How to make a Christmas wreath using seedheads

Natural Christmas wreath inspiration


  • 25cm wire wreath base
  • 20cm x 90cm chicken wire
  • moss
  • 120 Clematis vitalba (old man's beard) seedheads
  • 22 ivy flowers
  • 12 mistletoe berry clusters
  • 1.2m ribbon

To make

  1. To make the Christmas wreath use the chicken wire to form a flat-backed doughnut shape around the wire base. Secure with stub wire.
  2. Tightly stuff the cavity with moss.
  3. Cut clematis seedheads off the main stem, leaving stalks as long as possible.
  4. Push stalks into the moss as densely as possible.

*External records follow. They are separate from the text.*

lemma eucl_isometry_extension:
  assumes "finite S" "\<forall>u\<in>S. inRk k (x u) \<and> inRk k (y u)"
    and "\<forall>u\<in>S. \<forall>v\<in>S. sqdist k (x u) (x v) = sqdist k (y u) (y v)"
  shows "\<exists>g. eucl_isometry k g \<and> (\<forall>u\<in>S. g (x u) = y u)"
  using assms
proof (induction S rule: finite_induct)
  case empty
  then show ?case using eucl_isometry_id by blast
next
  case (insert w S)
  then obtain g where g: "eucl_isometry k g" "\<forall>u\<in>S. g (x u) = y u"
    by auto
  define a where "a = g (x w)"
  define b where "b = y w"
  have a: "inRk k a" and b: "inRk k b"
    using eucl_isometry_inRk[OF g(1)] insert.prems by (auto simp: a_def b_def)
  show ?case
  proof (cases "a = b")
    case True
    then show ?thesis using g by (auto simp: a_def b_def)
  next
    case False
    have "sqdist k (y u) a = sqdist k (y u) b" if "u \<in> S" for u
    proof -
      have "sqdist k (y u) a = sqdist k (g (x u)) (g (x w))"
        using g(2) that by (simp add: a_def)
      also have "\<dots> = sqdist k (x u) (x w)"
        using eucl_isometry_sqdist[OF g(1)] insert.prems that by simp
      finally show ?thesis
        using insert.prems that by (simp add: b_def)
    qed
    then have "\<forall>u\<in>S. reflection k a b (g (x u)) = y u"
      using g(2) reflection_fixes_bisector by simp
    moreover have "reflection k a b (g (x w)) = y w"
      using reflection_swap sqdist_eq_0_imp_eq[OF b a] False by (auto simp: a_def b_def)
    ultimately show ?thesis
      using eucl_isometry_comp[OF eucl_isometry_reflection[OF a b False] g(1)] by auto
  qed
qed
text \<open>Among the permutations sorting \<open>|y|\<close> into nonincreasing order (those satisfying \<open>C\<close>),
  each one yields the rearrangement, so a maximum over all permutations expresses it without
  reference to sorting.\<close>

lemma borel_measurable_rearr:
  assumes [measurable]: "\<And>j. (\<lambda>\<omega>. Y \<omega> j) \<in> borel_measurable M"
  shows "(\<lambda>\<omega>. rearr n (Y \<omega>) i) \<in> borel_measurable M"
proof (cases "i < n")
  case True
  define P where "P = {p. p permutes {..<n}}"
  define C where "C = (\<lambda>p y. \<forall>a b. a < b \<longrightarrow> b < n \<longrightarrow> \<bar>(y::nat \<Rightarrow> real) (p b)\<bar> \<le> \<bar>y (p a)\<bar>)"
  define f where "f = (\<lambda>p \<omega>. if C p (Y \<omega>) then \<bar>Y \<omega> (p i)\<bar> else 0)"
  have "finite P" unfolding P_def by (rule finite_permutations) simp
  have "rearr n (Y \<omega>) i = Max ((\<lambda>p. f p \<omega>) ` P)" for \<omega>
  proof (rule Max_eqI[symmetric])
    show "finite ((\<lambda>p. f p \<omega>) ` P)" using \<open>finite P\<close> by simp
    obtain p where p: "p permutes {..<n}" "\<forall>i<n. rearr n (Y \<omega>) i = \<bar>Y \<omega> (p i)\<bar>"
      by (rule rearr_perm)
    have "C p (Y \<omega>)" unfolding C_def
    proof (intro allI impI)
      fix a b assume "a < b" "b < n"
      then show "\<bar>Y \<omega> (p b)\<bar> \<le> \<bar>Y \<omega> (p a)\<bar>" using p(2) rearr_antimono[of a b n "Y \<omega>"] by simp
    qed
    then show "rearr n (Y \<omega>) i \<in> (\<lambda>p. f p \<omega>) ` P"
      using p True by (auto simp: f_def P_def intro!: image_eqI[of _ _ p])
    fix t assume "t \<in> (\<lambda>p. f p \<omega>) ` P"
    then obtain p' where "p' permutes {..<n}" "t = f p' \<omega>" by (auto simp: P_def)
    then show "t \<le> rearr n (Y \<omega>) i"
      using rearr_eq_if_sorted_perm[of p' n "Y \<omega>" i] True
      by (auto simp: f_def C_def rearr_nonneg)
  qed
  moreover have "f p \<in> borel_measurable M" for p
    unfolding f_def C_def by measurable
  ultimately show ?thesis using \<open>finite P\<close> by (simp add: borel_measurable_Max)
qed (simp add: rearr_eq_0)

lemma measurable_std_gaussian_component:
  assumes "i < d"
  shows "(\<lambda>g. g i) \<in> measurable (std_gaussian d) (density lborel std_normal_density)"
  unfolding std_gaussian_def by (rule measurable_component_singleton) (simp add: assms)

lemma borel_measurable_std_gaussian_component:
  "i < d \<Longrightarrow> (\<lambda>g. g i) \<in> borel_measurable (std_gaussian d)"
  using measurable_std_gaussian_component measurable_cong_sets by fastforce

lemma integrable_std_gaussian_component:
  assumes "i < d"
  shows "integrable (std_gaussian d) (\<lambda>g. g i)"
proof -
  let ?N = "density lborel std_normal_density"
  have "distr (std_gaussian d) ?N (\<lambda>g. g i) = ?N"
    unfolding std_gaussian_def
    by (rule distr_PiM_component) (use prob_space_normal_density assms in auto)
  moreover have "integrable ?N (\<lambda>x. x)"
    using integrable_std_normal_moment[of 1] by (subst integrable_density) auto
  ultimately have "integrable (distr (std_gaussian d) ?N (\<lambda>g. g i)) (\<lambda>x. x)" by simp
  then show ?thesis
    using measurable_std_gaussian_component[OF assms] by (subst (asm) integrable_distr_eq) auto
qed

lemma inner_matvec: "inner_n d g (matvec d n D x) = inner_n n (matTvec d n D g) x"
proof -
  have "inner_n d g (matvec d n D x) = (\<Sum>i<d. \<Sum>j<n. g i * D i j * x j)"
    by (simp add: inner_n_def matvec_def sum_distrib_left mult.assoc)
  also have "\<dots> = (\<Sum>j<n. \<Sum>i<d. g i * D i j * x j)" by (rule sum.swap)
  finally show ?thesis by (simp add: inner_n_def matTvec_def sum_distrib_left mult_ac)
qed

lemma integrable_dist_polar_rearr_matTvec:
  assumes K: "\<forall>u\<in>K. \<forall>l<n. 0 \<le> u l"
  shows "integrable (std_gaussian d) (\<lambda>g. dist_polar n K (rearr n (matTvec d n D g)))"
proof (rule Bochner_Integration.integrable_bound)
  show "integrable (std_gaussian d) (\<lambda>g. \<Sum>j<n. \<Sum>i<d. \<bar>D i j\<bar> * \<bar>g i\<bar>)"
    by (intro Bochner_Integration.integrable_sum integrable_mult_right integrable_abs
        integrable_std_gaussian_component) simp
  have [measurable]: "(\<lambda>g. matTvec d n D g j) \<in> borel_measurable (std_gaussian d)" for j
    unfolding matTvec_def using borel_measurable_std_gaussian_component by measurable
  show "(\<lambda>g. dist_polar n K (rearr n (matTvec d n D g))) \<in> borel_measurable (std_gaussian d)"
    by (intro borel_measurable_dist_polar[OF K] borel_measurable_rearr) measurable
  have "dist_polar n K (rearr n (matTvec d n D g)) \<le> (\<Sum>j<n. \<Sum>i<d. \<bar>D i j\<bar> * \<bar>g i\<bar>)" for g
  proof -
    have "dist_polar n K (rearr n (matTvec d n D g)) \<le> norm2_n n (matTvec d n D g)"
      by (metis dist_polar_le_norm2 norm2_rearr)
    also have "\<dots> \<le> (\<Sum>j<n. \<bar>\<Sum>i<d. D i j * g i\<bar>)"
      using norm2_le_sum_abs[of n "matTvec d n D g"] by (simp add: matTvec_def)
    also have "\<dots> \<le> (\<Sum>j<n. \<Sum>i<d. \<bar>D i j\<bar> * \<bar>g i\<bar>)"
      by (intro sum_mono order_trans[OF sum_abs]) (simp add: abs_mult)
    finally show ?thesis .
  qed
  then show "AE g in std_gaussian d. norm (dist_polar n K (rearr n (matTvec d n D g)))
      \<le> norm (\<Sum>j<n. \<Sum>i<d. \<bar>D i j\<bar> * \<bar>g i\<bar>)"
    by (intro AE_I2) (simp add: dist_polar_nonneg abs_of_nonneg sum_nonneg)
qed

lemma S_gamma_nonempty:
  assumes "1 \<le> s" "s \<le> n" "0 \<le> \<gamma>"
  shows "S_gamma n s \<gamma> \<noteq> {}"
proof -
  define e0 where "e0 = (\<lambda>i::nat. if i = 0 then (1::real) else 0)"
  have "(\<Sum>i<n. (e0 i)\<^sup>2) = (\<Sum>i<n. if i = 0 then 1 else 0)" by (rule sum.cong) (simp_all add: e0_def)
  then have "(\<Sum>i<n. (e0 i)\<^sup>2) = 1" using assms by simp
  moreover have "(\<Sum>i\<in>{..<n} - {0}. \<bar>e0 i\<bar>) = 0" by (simp add: e0_def)
  ultimately have "e0 \<in> S_gamma n s \<gamma>"
    using assms unfolding S_gamma_def by (intro CollectI conjI exI[of _ "{0}"]) (auto simp: e0_def norm2_n_def)
  then show ?thesis by blast
qed

theorem lemma4p5:
  fixes d n s :: nat and \<gamma> :: real and D :: "nat \<Rightarrow> nat \<Rightarrow> real"
  assumes "1 \<le> s" and "s \<le> n" and "\<gamma> > 0"
  shows "gauss_width d (matvec d n D ` S_gamma n s \<gamma>)
         \<le> (\<integral>g. (INF z\<in>dual_cone n (K_cone n s \<gamma>).
                    norm2_n n (\<lambda>i. rearr n (matTvec d n D g) i + z i)) \<partial>std_gaussian d)"
proof -
  let ?h = "\<lambda>g. dist_polar n (K_cone n s \<gamma>) (rearr n (matTvec d n D g))"
  have K: "\<forall>u\<in>K_cone n s \<gamma>. \<forall>l<n. 0 \<le> u l" by (simp add: K_cone_def)
  have "(SUP y\<in>matvec d n D ` S_gamma n s \<gamma>. inner_n d g y) \<le> ?h g" for g
    using S_gamma_nonempty[of s n \<gamma>] inner_le_dist_polar[of _ n s \<gamma>] assms
    by (intro cSUP_least) (auto simp: inner_matvec)
  then have "gauss_width d (matvec d n D ` S_gamma n s \<gamma>) \<le> (\<integral>g. ?h g \<partial>std_gaussian d)"
    unfolding gauss_width_def
    by (intro integral_mono' integrable_dist_polar_rearr_matTvec K dist_polar_nonneg)
  then show ?thesis by (simp add: dist_polar_def)
qed

end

Add ivy flowers and mistletoe berries and tie a ribbon on the metal loop at the top.

How to make a simple Christmas wreath using berried ivy

Natural Christmas wreath

By Kristy Ramage


  • Wire Christmas wreath frame (this one is 33cm in diameter) or galvanised wire to make your own.
  • Reel of soft wire
  • Lengths (20-30cm) of ivy leaves and berries
  • Ribbon for hanging

To make

Wrap the soft wire around the Christmas wreath frame and thread the stems of the ivy pieces into the wire, layering the pieces on top of one another and moving around the circle. Put plenty on – it should feel abundant – and secure with extra wire if needed. The berries should naturally disperse around the wreath, and you can always add more by wiring the stem of individual berry bunches and threading them in between the leaves.

More like this

Flowering (and therefore berried) branches of ivy are not lobed and trailing, but self-supporting and robust, usually found growing in the sun. So it’s strong, and of course ivy brings good luck and keeps the devil out. This makes it just right to hang on the front door.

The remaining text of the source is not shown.